Kline's committee hears of rundown conditions and low achievement rates.

April 23, 2015 at 2:05AM
Rep John Kline lifted up a blanked draped over an uninsulated door used in an effort to keep out the cold in a building that was once used for a vocational auto body shop and never intended to be used as classroom space. The building has a leaky roof, poor insulation and an overburdened electrical system.
Rep John Kline lifted up a blanked draped over an uninsulated door used in an effort to keep out the cold in a building that was once used for a vocational auto body shop and never intended to be used as classroom space. The building has a leaky roof, poor insulation and an overburdened electrical system. (Dml - Star Tribune Star Tribune/The Minnesota Star Tribune)

WASHINGTON — Across the country, half the schools serving Indian students are dilapidated, and achievement rates among the students are lower than traditional public school kids, panelists told a U.S. House Education and Workforce Committee hearing Wednesday.

GOP Rep.
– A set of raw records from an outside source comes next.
(* Let $A$ be a rational matrix. Then $A$ is totally equimodular if and only if every matrix obtained from $A$ by a finite (possibly empty) sequence of pivots and trims is essentially $0,\pm1$.
   Context: An $m\times n$ matrix is equimodular if it has full row rank $m$ and all its nonzero $m\times m$ minors have the same absolute value. A matrix is totally equimodular if every set of linearly independent rows of it forms an equimodular matrix. A pivot of a matrix $A$ is a position $p=(i,j)$ with $A_i^j\neq 0$. The $p$-pivot $A/p$ is obtained from $A$ by dividing row $i$ by $A_i^j$ and then adding suitable multiples of this new row to the other rows so that column $j$ becomes the $i$-th unit vector. The $p$-trim $A/\!\!/p$ is obtained from $A/p$ by deleting row $i$ and column $j$. A matrix is essentially $0,\pm1$ if, in each row, all nonzero entries have the same absolute value. *)

theory Defs
  imports "Jordan_Normal_Form.DL_Rank" "Jordan_Normal_Form.DL_Submatrix"
begin

text \<open>Matrices are Jordan_Normal_Form matrices; indices are 0-based.
  The rank is the library rank (dimension of the column space).\<close>

definition full_row_rank :: "'a::field mat \<Rightarrow> bool" where
  "full_row_rank A \<longleftrightarrow> vec_space.rank (dim_row A) A = dim_row A"

definition equimodular :: "'a::linordered_field mat \<Rightarrow> bool" where
  "equimodular A \<longleftrightarrow> full_row_rank A \<and>
     (\<forall>J K. J \<subseteq> {..<dim_col A} \<longrightarrow> K \<subseteq> {..<dim_col A} \<longrightarrow>
        card J = dim_row A \<longrightarrow> card K = dim_row A \<longrightarrow>
        det (submatrix A UNIV J) \<noteq> 0 \<longrightarrow> det (submatrix A UNIV K) \<noteq> 0 \<longrightarrow>
        \<bar>det (submatrix A UNIV J)\<bar> = \<bar>det (submatrix A UNIV K)\<bar>)"

text \<open>A set I of row indices is linearly independent iff the matrix formed by
  these rows has full row rank.\<close>
definition totally_equimodular :: "'a::linordered_field mat \<Rightarrow> bool" where
  "totally_equimodular A \<longleftrightarrow>
     (\<forall>I. I \<subseteq> {..<dim_row A} \<longrightarrow> full_row_rank (submatrix A I UNIV) \<longrightarrow>
          equimodular (submatrix A I UNIV))"

definition is_pivot :: "'a::field mat \<Rightarrow> nat \<Rightarrow> nat \<Rightarrow> bool" where
  "is_pivot A i j \<longleftrightarrow> i < dim_row A \<and> j < dim_col A \<and> A $$ (i, j) \<noteq> 0"

definition pivot_mat :: "'a::field mat \<Rightarrow> nat \<Rightarrow> nat \<Rightarrow> 'a mat" where
  "pivot_mat A i j = mat (dim_row A) (dim_col A) (\<lambda>(k, l).
      if k = i then A $$ (i, l) / A $$ (i, j)
      else A $$ (k, l) - A $$ (k, j) * (A $$ (i, l) / A $$ (i, j)))"

definition trim_mat :: "'a::field mat \<Rightarrow> nat \<Rightarrow> nat \<Rightarrow> 'a mat" where
  "trim_mat A i j = submatrix (pivot_mat A i j) (- {i}) (- {j})"

definition pivot_trim_step :: "'a::field mat \<Rightarrow> 'a mat \<Rightarrow> bool" where
  "pivot_trim_step A B \<longleftrightarrow>
     (\<exists>i j. is_pivot A i j \<and> (B = pivot_mat A i j \<or> B = trim_mat A i j))"

definition essentially_01 :: "'a::linordered_field mat \<Rightarrow> bool" where
  "essentially_01 A \<longleftrightarrow>
     (\<forall>i < dim_row A. \<forall>j < dim_col A. \<forall>k < dim_col A.
        A $$ (i, j) \<noteq> 0 \<longrightarrow> A $$ (i, k) \<noteq> 0 \<longrightarrow> \<bar>A $$ (i, j)\<bar> = \<bar>A $$ (i, k)\<bar>)"

end

theory Submission
  imports Defs "Jordan_Normal_Form.DL_Rank_Submatrix"
begin

(* Total equimodularity amounts to: for every set I of rows, all nonzero square minors with row
   set I have the same absolute value.  A pivot at (i,j) divides every minor through row i by
   A_ij, and by Laplace expansion along the unit column j every minor of the pivoted matrix
   avoiding row i equals, up to sign, one through row i and column j; hence the property survives pivots and trims, and on 1x1
   minors it says that the matrix is essentially 0,+-1.
   Conversely, induct on |I|.  Two nonzero minors on rows I sharing a column j are compared by
   pivoting on a nonzero entry (i,j) and trimming, which divides both by |A_ij| and removes a
   row.  Two column-disjoint ones are linked by a third nonzero minor that shares a column with
   each; it exists by the exchange property of bases, again proved by pivoting. *)

lemma strict_mono_on_pick: "strict_mono_on {..<card S} (pick S)"
  by (rule strict_mono_onI) (simp add: pick_mono_le)

lemma inj_on_pick: "inj_on (pick S) {..<card S}"
  using strict_mono_on_pick strict_mono_on_imp_inj_on by blast

lemma pick_image_strict_mono:
  assumes "strict_mono_on S (f :: nat \<Rightarrow> nat)" "n < card S"
  shows "pick (f ` S) n = f (pick S n)"
proof -
  define x where "x = pick S n"
  have x: "x \<in> S" "card {a\<in>S. a < x} = n"
    using pick_in_set_le[OF assms(2)] card_pick_le[OF assms(2)] x_def by auto
  have inj: "inj_on f S" using assms(1) strict_mono_on_imp_inj_on by blast
  have "f a < f x \<longleftrightarrow> a < x" if "a \<in> S" for a
  proof
    assume "a < x" then show "f a < f x" using x(1) that assms(1) by (simp add: strict_mono_onD)
  next
    assume "f a < f x"
    show "a < x"
    proof (rule ccontr)
      assume "\<not> a < x"
      then have "x \<le> a" by simp
      then have "f x \<le> f a" using x(1) that assms(1) strict_mono_on_leD by blast
      then show False using \<open>f a < f x\<close> by simp
    qed
  qed
  then have "{b\<in>f ` S. b < f x} = f ` {a\<in>S. a < x}" by auto
  then have "card {b\<in>f ` S. b < f x} = n"
    using x(2) card_image[OF inj_on_subset[OF inj]] by (metis (no_types, lifting) mem_Collect_eq subsetI)
  then show ?thesis using pick_card_in_set[of "f x" "f ` S"] x(1) x_def by auto
qed

lemma image_pick_lessThan:
  assumes "finite S"
  shows "pick S ` {..<card S} = S"
proof
  show "pick S ` {..<card S} \<subseteq> S" using pick_in_set_le by blast
  show "S \<subseteq> pick S ` {..<card S}"
  proof
    fix x assume "x \<in> S"
    then have "{a\<in>S. a < x} \<subset> S" by auto
    then have "card {a\<in>S. a < x} < card S" using assms psubset_card_mono by blast
    show "x \<in> pick S ` {..<card S}"
    proof (rule image_eqI)
      show "x = pick S (card {a\<in>S. a < x})" using pick_card_in_set[OF \<open>x \<in> S\<close>] by simp
    qed (use \<open>card {a\<in>S. a < x} < card S\<close> in simp)
  qed
qed

lemma pick_lessThan:
  assumes "r < n"
  shows "pick {..<n} r = r"
proof -
  have "{a\<in>{..<n}. a < r} = {..<r}" using assms by auto
  then show ?thesis using pick_card_in_set[of r "{..<n}"] assms by simp
qed

lemma card_less_in_set:
  fixes I :: "nat set"
  assumes "finite I" "i \<in> I"
  shows "card {a\<in>I. a < i} < card I"
proof -
  have "i \<notin> {a\<in>I. a < i}" by simp
  then have "{a\<in>I. a < i} \<subset> I" using assms(2) by blast
  then show ?thesis using assms psubset_card_mono by blast
qed

lemma submatrix_altdef:
  assumes "I \<subseteq> {..<dim_row A}" "K \<subseteq> {..<dim_col A}"
  shows "submatrix A I K = mat (card I) (card K) (\<lambda>(r, c). A $$ (pick I r, pick K c))"
proof -
  have "{i. i < dim_row A \<and> i \<in> I} = I" "{j. j < dim_col A \<and> j \<in> K} = K" using assms by auto
  then show ?thesis unfolding submatrix_def by simp
qed

lemma submatrix_carrier:
  assumes "I \<subseteq> {..<dim_row A}" "K \<subseteq> {..<dim_col A}"
  shows "submatrix A I K \<in> carrier_mat (card I) (card K)"
  using submatrix_altdef[OF assms] by simp

lemma submatrix_restrict:
  "submatrix A I K = submatrix A {i. i < dim_row A \<and> i \<in> I} {j. j < dim_col A \<and> j \<in> K}"
proof (rule eq_matI)
  fix r c
  assume "r < dim_row (submatrix A {i. i < dim_row A \<and> i \<in> I} {j. j < dim_col A \<and> j \<in> K})"
    and "c < dim_col (submatrix A {i. i < dim_row A \<and> i \<in> I} {j. j < dim_col A \<and> j \<in> K})"
  then have rc: "r < card {i. i < dim_row A \<and> i \<in> I}" "c < card {j. j < dim_col A \<and> j \<in> K}"
    by (simp_all add: dim_submatrix)
  show "submatrix A I K $$ (r, c) =
      submatrix A {i. i < dim_row A \<and> i \<in> I} {j. j < dim_col A \<and> j \<in> K} $$ (r, c)"
    using rc by (simp add: submatrix_def pick_reduce_set[OF rc(1)] pick_reduce_set[OF rc(2)])
qed (simp_all add: dim_submatrix)

lemma submatrix_submatrix:
  assumes I: "I \<subseteq> {..<dim_row A}" and K: "K \<subseteq> {..<dim_col A}"
    and I': "I' \<subseteq> {..<card I}" and K': "K' \<subseteq> {..<card K}"
  shows "submatrix (submatrix A I K) I' K' = submatrix A (pick I ` I') (pick K ` K')"
proof -
  have mono: "strict_mono_on I' (pick I)" "strict_mono_on K' (pick K)"
    using strict_mono_on_pick I' K' monotone_on_subset by blast+
  have sub: "pick I ` I' \<subseteq> {..<dim_row A}" "pick K ` K' \<subseteq> {..<dim_col A}"
    using I K I' K' pick_in_set_le by fastforce+
  have card: "card (pick I ` I') = card I'" "card (pick K ` K') = card K'"
    using card_image mono strict_mono_on_imp_inj_on by blast+
  have sub': "I' \<subseteq> {..<dim_row (submatrix A I K)}" "K' \<subseteq> {..<dim_col (submatrix A I K)}"
    using submatrix_carrier[OF I K] I' K' by auto
  show ?thesis
    unfolding submatrix_altdef[OF sub] card submatrix_altdef[OF sub']
  proof (rule eq_matI)
    fix r c assume "r < dim_row (mat (card I') (card K') (\<lambda>(r, c). A $$ (pick (pick I ` I') r, pick (pick K ` K') c)))"
      "c < dim_col (mat (card I') (card K') (\<lambda>(r, c). A $$ (pick (pick I ` I') r, pick (pick K ` K') c)))"
    then have rc: "r < card I'" "c < card K'" by auto
    have "pick I' r < card I" "pick K' c < card K"
      using pick_in_set_le[OF rc(1)] pick_in_set_le[OF rc(2)] I' K' by auto
    then show "mat (card I') (card K') (\<lambda>(r, c). submatrix A I K $$ (pick I' r, pick K' c)) $$ (r, c) =
         mat (card I') (card K') (\<lambda>(r, c). A $$ (pick (pick I ` I') r, pick (pick K ` K') c)) $$ (r, c)"
      using rc by (simp add: submatrix_altdef[OF I K] pick_image_strict_mono[OF mono(1) rc(1)]
          pick_image_strict_mono[OF mono(2) rc(2)])
  qed auto
qed

lemma dim_submatrix_rows:
  assumes "I \<subseteq> {..<dim_row A}"
  shows "dim_row (submatrix A I UNIV) = card I" "dim_col (submatrix A I UNIV) = dim_col A"
proof -
  have "{i. i < dim_row A \<and> i \<in> I} = I" using assms by auto
  then show "dim_row (submatrix A I UNIV) = card I" by (simp only: dim_submatrix)
  show "dim_col (submatrix A I UNIV) = dim_col A" by (simp add: dim_submatrix)
qed

lemma submatrix_rows_cols:
  assumes I: "I \<subseteq> {..<dim_row A}" and K: "K \<subseteq> {..<dim_col A}"
  shows "submatrix (submatrix A I UNIV) UNIV K = submatrix A I K"
proof -
  let ?C = "submatrix A I {..<dim_col A}"
  have "{i. i < dim_row A \<and> i \<in> I} = I" "{j. j < dim_col A \<and> j \<in> UNIV} = {..<dim_col A}"
    using I by auto
  then have rows: "submatrix A I UNIV = ?C" using submatrix_restrict[of A I UNIV] by (simp only:)
  have "{i. i < dim_row ?C \<and> i \<in> UNIV} = {..<card I}" "{j. j < dim_col ?C \<and> j \<in> K} = K"
    using K submatrix_carrier[OF I, of "{..<dim_col A}"] by auto
  then have "submatrix ?C UNIV K = submatrix ?C {..<card I} K"
    using submatrix_restrict[of ?C UNIV K] by (simp only:)
  also have "\<dots> = submatrix A (pick I ` {..<card I}) (pick {..<dim_col A} ` K)"
    by (rule submatrix_submatrix[OF I]) (use K in auto)
  also have "pick I ` {..<card I} = I"
    using image_pick_lessThan finite_subset[OF I finite_lessThan] by blast
  also have "pick {..<dim_col A} ` K = K"
  proof -
    have "pick {..<dim_col A} ` K = (\<lambda>x. x) ` K" using K pick_lessThan by (intro image_cong) auto
    then show ?thesis by simp
  qed
  finally show ?thesis unfolding rows .
qed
John Kline, who chairs the committee, hosted the hearing after visiting Bug-O-Nay-Ge-Shig High School on Leech Lake Indian Reservation in northern Minnesota earlier this month. The school is an old pole barn, with a leaky roof and foundation and such weak electrical cables and pipes that teachers can't turn on all the electrical equipment at the same time.
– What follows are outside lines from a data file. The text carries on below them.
lemma coverable_rjoin_subtrees:
  assumes "n > 0" "nt > 0" "nt \<le> real n" "finite (jlabel Tp)" "finite (jlabel To)"
    and "jlabel Tp \<union> jlabel To \<noteq> {}" "A' \<subseteq> rjoin n (jlabel Tp) B (jlabel To) C"
    and B: "pathset k n nt (jlabel Tp) B" and C: "pathset k n nt (jlabel To) C"
    and bsp: "bsp \<in> branch_lists Tp"
    and IH: "branch_covers k n nt Tp" "branch_covers k n nt To"
  shows "coverable (max (chi k n nt Tp B) (chi k n nt To C))
    (proj_pathsets k n nt (jlabel Tp \<union> jlabel To) (jlabel To # bsp)) A'"
proof (rule coverable_rjoin[OF assms(1-5,7) C])
  show "\<forall>H\<in>set bsp. H \<subseteq> jlabel Tp"
    using branch_list_subset_label bsp by blast
  show "coverable (chi k n nt Tp B) (proj_pathsets k n nt (jlabel Tp) bsp) B" if "jlabel Tp \<noteq> {}"
    by (rule branch_coversD[OF IH(1) that B bsp])
  show "coverable (chi k n nt To C) (\<lambda>_. True) C" if "jlabel Tp = {}"
  proof -
    obtain bs' where "bs' \<in> branch_lists To"
      using branch_lists_nonempty by blast
    then have "coverable (chi k n nt To C) (proj_pathsets k n nt (jlabel To) bs') C"
      using branch_coversD[OF IH(2) _ C] that assms(6) by simp
    then show ?thesis
      by (rule coverable_mono) auto
  qed
qed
Melissa Emrey-Arras, director at the U.S. Government Accountability Office, testified that Indian students consistently score lower than students attending traditional public schools. She blamed that lack of achievement in part on poor management and fragmented communication between schools and the Bureau of Indian Affairs. The GAO has released a report on mismanagement of Indian education.

"I don't know whether to laugh or cry," Kline said, after the hearing. He expressed frustration that so many federal agencies, from the Interior Department to the Bureau of Indian Affairs to the Department of Education, all are charged with supervising Indian schools, yet no one is getting the job done.
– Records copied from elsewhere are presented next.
definition box_in_unit_cube :: "real^'d \<Rightarrow> real^'d \<Rightarrow> bool" where
  "box_in_unit_cube a b \<longleftrightarrow> (\<forall>j. 0 \<le> a$j \<and> b$j \<le> 1)"

lemma hbox_subset_unit_cube_iff:
  assumes "\<forall>j. a$j < b$j"
  shows "hbox a b \<subseteq> unit_cube \<longleftrightarrow> box_in_unit_cube a b"
proof
  assume sub: "hbox a b \<subseteq> unit_cube"
  show "box_in_unit_cube a b"
    unfolding box_in_unit_cube_def
  proof (intro allI conjI)
    fix j
    have "a \<in> hbox a b" using assms by (auto simp: hbox_def)
    then show "0 \<le> a$j" using sub by (auto simp: unit_cube_def)
    show "b$j \<le> 1"
    proof (rule ccontr)
      assume "\<not> b$j \<le> 1"
      then have "(\<chi> k. if k = j then max (a$j) 1 else a$k) \<in> hbox a b"
        using assms by (auto simp: hbox_def)
      then have "(\<chi> k. if k = j then max (a$j) 1 else a$k) \<in> unit_cube" using sub by blast
      then show False by (auto simp: unit_cube_def dest: spec[of _ j])
    qed
  qed
next
  assume cube: "box_in_unit_cube a b"
  show "hbox a b \<subseteq> unit_cube"
  proof
    fix x
    assume x: "x \<in> hbox a b"
    have "0 \<le> x$j \<and> x$j < 1" for j
    proof -
      have "a$j \<le> x$j" "x$j < b$j" "0 \<le> a$j" "b$j \<le> 1"
        using x cube by (simp_all add: hbox_def box_in_unit_cube_def)
      then show ?thesis by linarith
    qed
    then show "x \<in> unit_cube" by (simp add: unit_cube_def)
  qed
qed

lemma box_in_unit_cube_mono:
  assumes "box_in_unit_cube a b" "\<forall>k. a$k \<le> a'$k \<and> b'$k \<le> b$k"
  shows "box_in_unit_cube a' b'"
  using assms unfolding box_in_unit_cube_def by (meson order_trans)

lemma hbox_mono:
  assumes "\<forall>k. a$k \<le> a'$k \<and> b'$k \<le> b$k"
  shows "hbox a' b' \<subseteq> hbox a b"
proof
  fix x
  assume x: "x \<in> hbox a' b'"
  have "a$k \<le> x$k \<and> x$k < b$k" for k
  proof -
    have "a'$k \<le> x$k" "x$k < b'$k" using x by (simp_all add: hbox_def)
    then show ?thesis using assms[rule_format, of k] by linarith
  qed
  then show "x \<in> hbox a b" by (simp add: hbox_def)
qed

definition coord_upd :: "real^'d \<Rightarrow> 'd \<Rightarrow> real \<Rightarrow> real^'d" where
  "coord_upd x j c = (\<chi> k. if k = j then c else x$k)"

lemma coord_upd_nth [simp]: "coord_upd x j c $ k = (if k = j then c else x$k)"
  by (simp add: coord_upd_def)

lemma rect_transp_zero: "rect_transp P Q 0 = id"
  by (auto simp: rect_transp_def fun_eq_iff)

lemma rect_transp_swap:
  assumes "P \<inter> Q = {}"
  shows "rect_transp P Q v = rect_transp Q P (- v)"
  using assms by (auto simp: rect_transp_def fun_eq_iff)

lemma rect_transp_conj:
  assumes "P \<inter> R = {}" "R \<inter> Q = {}" "P \<inter> Q = {}"
    and R: "R = (\<lambda>x. x + u) ` P" and Q: "Q = (\<lambda>x. x + w) ` R"
  shows "rect_transp P Q (u + w) = rect_transp P R u \<circ> rect_transp R Q w \<circ> rect_transp P R u"
proof
  fix x
  have PR: "x \<in> P \<longleftrightarrow> x + u \<in> R" and RQ: "x \<in> R \<longleftrightarrow> x + w \<in> Q" for x
    unfolding R Q mem_translate_iff by simp_all
  consider "x \<in> P" | "x \<in> R" | "x \<in> Q" | "x \<notin> P \<union> Q \<union> R" by blast
  then show "rect_transp P Q (u + w) x = (rect_transp P R u \<circ> rect_transp R Q w \<circ> rect_transp P R u) x"
  proof cases
    case 1
    then show ?thesis using assms(1-3) PR[of x] RQ[of "x + u"] by (auto simp: rect_transp_def add.assoc)
  next
    case 2
    then show ?thesis using assms(1-3) PR[of "x - u"] by (auto simp: rect_transp_def)
  next
    case 3
    then show ?thesis using assms(1-3) PR[of "x - w - u"] RQ[of "x - w"]
      by (auto simp: rect_transp_def algebra_simps)
  qed (simp add: rect_transp_def)
qed

lemma rect_transp_split:
  assumes "P1 \<inter> P2 = {}" and "(P1 \<union> P2) \<inter> (\<lambda>x. x + v) ` (P1 \<union> P2) = {}"
  shows "rect_transp (P1 \<union> P2) ((\<lambda>x. x + v) ` (P1 \<union> P2)) v
    = rect_transp P1 ((\<lambda>x. x + v) ` P1) v \<circ> rect_transp P2 ((\<lambda>x. x + v) ` P2) v"
  using assms by (auto simp: rect_transp_def fun_eq_iff mem_translate_iff)

definition shuffle_product :: "(real^'d \<Rightarrow> real^'d) \<Rightarrow> bool" where
  "shuffle_product f \<longleftrightarrow> (\<exists>fs. (\<forall>g\<in>set fs. is_restricted_shuffle g) \<and> f = foldr (\<circ>) fs id)"

lemma shuffle_product_id: "shuffle_product id"
  unfolding shuffle_product_def by (intro exI[of _ "[]"]) simp

lemma shuffle_product_comp:
  assumes "shuffle_product f" "shuffle_product g"
  shows "shuffle_product (f \<circ> g)"
proof -
  obtain fs gs where "\<forall>h\<in>set (fs @ gs). is_restricted_shuffle h"
    and "f = foldr (\<circ>) fs id" "g = foldr (\<circ>) gs id"
    using assms unfolding shuffle_product_def by auto
  moreover have "foldr (\<circ>) (fs @ gs) id = foldr (\<circ>) fs id \<circ> foldr (\<circ>) gs id"
    by (induction fs) auto
  ultimately show ?thesis unfolding shuffle_product_def by metis
qed

lemma shuffle_product_restricted_shuffle:
  assumes "\<forall>j. a$j < b$j" "box_in_unit_cube a b" "a$i < c" "c < b$i"
  shows "shuffle_product (restricted_shuffle a b i c)"
  unfolding shuffle_product_def
  using assms hbox_subset_unit_cube_iff[OF assms(1)]
  by (intro exI[of _ "[restricted_shuffle a b i c]"]) (auto simp: is_restricted_shuffle_def)

text \<open>Off the slab of points that lie in \<open>hbox a b\<close> in every coordinate but \<open>i\<close>, restricted
  shuffles in direction \<open>i\<close> and transpositions of a box with its translate along \<open>axis i 1\<close>
  are the identity; on it they move points along \<open>axis i 1\<close> by a displacement depending only on
  the \<open>i\<close>-th coordinate. Composites of such maps thus reduce to identities between real functions.\<close>

definition in_slab :: "real^'d \<Rightarrow> real^'d \<Rightarrow> 'd \<Rightarrow> real^'d \<Rightarrow> bool" where
  "in_slab a b i x \<longleftrightarrow> (\<forall>j. j \<noteq> i \<longrightarrow> a$j \<le> x$j \<and> x$j < b$j)"

definition axis_move :: "real^'d \<Rightarrow> real^'d \<Rightarrow> 'd \<Rightarrow> (real \<Rightarrow> real) \<Rightarrow> real^'d \<Rightarrow> real^'d" where
  "axis_move a b i \<delta> x = (if in_slab a b i x then x + \<delta> (x$i) *\<^sub>R axis i 1 else x)"

lemma in_slab_axis_shift [simp]: "in_slab a b i (x + s *\<^sub>R axis i 1) \<longleftrightarrow> in_slab a b i x"
  by (simp add: in_slab_def)

lemma in_slab_cong:
  assumes "\<forall>j. j \<noteq> i \<longrightarrow> a'$j = a$j \<and> b'$j = b$j"
  shows "in_slab a' b' i = in_slab a b i"
  using assms by (auto simp: in_slab_def fun_eq_iff)

lemma mem_hbox_iff_in_slab: "x \<in> hbox a b \<longleftrightarrow> in_slab a b i x \<and> a$i \<le> x$i \<and> x$i < b$i"
proof
  assume "in_slab a b i x \<and> a$i \<le> x$i \<and> x$i < b$i"
  then have "a$j \<le> x$j \<and> x$j < b$j" for j by (cases "j = i") (auto simp: in_slab_def)
  then show "x \<in> hbox a b" by (simp add: hbox_def)
qed (simp add: hbox_def in_slab_def)

lemma axis_move_comp:
  "axis_move a b i \<delta> \<circ> axis_move a b i \<gamma> = axis_move a b i (\<lambda>s. \<gamma> s + \<delta> (s + \<gamma> s))"
  by (auto simp: axis_move_def fun_eq_iff algebra_simps)

lemma axis_move_cong:
  assumes "\<forall>j. j \<noteq> i \<longrightarrow> a'$j = a$j \<and> b'$j = b$j"
  shows "axis_move a' b' i = axis_move a b i"
  unfolding axis_move_def in_slab_cong[OF assms] ..

definition rotation_disp :: "real \<Rightarrow> real \<Rightarrow> real \<Rightarrow> real \<Rightarrow> real" where
  "rotation_disp \<alpha> c \<beta> s = (if \<alpha> \<le> s \<and> s < c then \<beta> - c else if c \<le> s \<and> s < \<beta> then \<alpha> - c else 0)"

definition swap_disp :: "real \<Rightarrow> real \<Rightarrow> real \<Rightarrow> real \<Rightarrow> real" where
  "swap_disp \<alpha> \<beta> t s = (if \<alpha> \<le> s \<and> s < \<beta> then t else if \<alpha> + t \<le> s \<and> s < \<beta> + t then - t else 0)"

lemma restricted_shuffle_eq_axis_move:
  "restricted_shuffle a b i c = axis_move a b i (rotation_disp (a$i) c (b$i))"
proof -
  have "in_slab a (\<chi> j. if j = i then c else b$j) i = in_slab a b i"
       "in_slab (\<chi> j. if j = i then c else a$j) b i = in_slab a b i"
    by (simp_all add: in_slab_cong)
  then show ?thesis
    unfolding restricted_shuffle_def axis_move_def rotation_disp_def fun_eq_iff
      mem_hbox_iff_in_slab[where i = i]
    by (auto simp: algebra_simps)
qed

definition box_transp :: "real^'d \<Rightarrow> real^'d \<Rightarrow> real^'d \<Rightarrow> real^'d \<Rightarrow> real^'d" where
  "box_transp a b v = rect_transp (hbox a b) (hbox (a + v) (b + v)) v"

lemma box_transp_axis_eq_axis_move:
  "box_transp a b (t *\<^sub>R axis i 1) = axis_move a b i (swap_disp (a$i) (b$i) t)"
proof -
  have "in_slab (a + t *\<^sub>R axis i 1) (b + t *\<^sub>R axis i 1) i = in_slab a b i"
    by (simp add: in_slab_cong)
  then show ?thesis
    unfolding box_transp_def rect_transp_def axis_move_def swap_disp_def fun_eq_iff
      mem_hbox_iff_in_slab[where i = i]
    by (auto simp: algebra_simps)
qed

lemma swap_disp_eq_rotation_disp:
  "swap_disp \<alpha> \<beta> (\<beta> - \<alpha>) = rotation_disp \<alpha> \<beta> (2 * \<beta> - \<alpha>)"
  by (auto simp: swap_disp_def rotation_disp_def fun_eq_iff)

text \<open>The first rotation brings the far copy \<open>[\<alpha>+t, \<beta>+t)\<close> home to \<open>[\<alpha>, \<beta>)\<close> and lifts
  \<open>[\<alpha>, \<alpha>+t)\<close> by the width \<open>\<beta>-\<alpha>\<close>; the second rotation, on \<open>[\<beta>, \<beta>+t)\<close>, then moves the
  lifted copy of \<open>[\<alpha>, \<beta>)\<close> to the top and shifts the rest back down.\<close>

lemma swap_disp_eq_rotations:
  assumes "\<alpha> < \<beta>" "\<beta> - \<alpha> < t"
  shows "swap_disp \<alpha> \<beta> t = (\<lambda>s. rotation_disp \<alpha> (\<alpha> + t) (\<beta> + t) s
     + rotation_disp \<beta> (2 * \<beta> - \<alpha>) (\<beta> + t) (s + rotation_disp \<alpha> (\<alpha> + t) (\<beta> + t) s))"
proof
  fix s
  consider "s < \<alpha>" | "\<alpha> \<le> s" "s < \<beta>" | "\<beta> \<le> s" "s < \<alpha> + t"
    | "\<alpha> + t \<le> s" "s < \<beta> + t" | "\<beta> + t \<le> s" by linarith
  then show "swap_disp \<alpha> \<beta> t s = rotation_disp \<alpha> (\<alpha> + t) (\<beta> + t) s
     + rotation_disp \<beta> (2 * \<beta> - \<alpha>) (\<beta> + t) (s + rotation_disp \<alpha> (\<alpha> + t) (\<beta> + t) s)"
    by cases (use assms in \<open>simp_all add: swap_disp_def rotation_disp_def\<close>)
qed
"We're not well organized here either," Kline added. "We in Congress can't let that be an excuse."

Conditions at the Bug school were highlighted in a Star Tribune editorial board series called "Separate and Unequal." The series was a Pulitzer Prize finalist this week and the writer, Jill Burcum, testified Wednesday at Kline's hearing. Also on the panel was Brian Cladoosby, president of the National Congress of American Indians.

Burcum said she felt a sense of "defeatism" when pressing federal Interior officials on how they were going to improve schools. Interior Secretary Sally Jewell visited the Bug school last year.

"Her visit inspired hope that there will be a new school sometime soon," Burcum said. "There is no plan as far as I can tell to rebuild the school … their hands are tied, there is no funding available, they're busy doing a bureaucratic reorganization."

Neither Interior Department nor Bureau of Indian Affairs officials were invited to the hearing, which was meant only to be an information-gathering session before Kline and his colleagues decide what to do next, his staffers said.

Interior officials did not comment on Wednesday's hearing.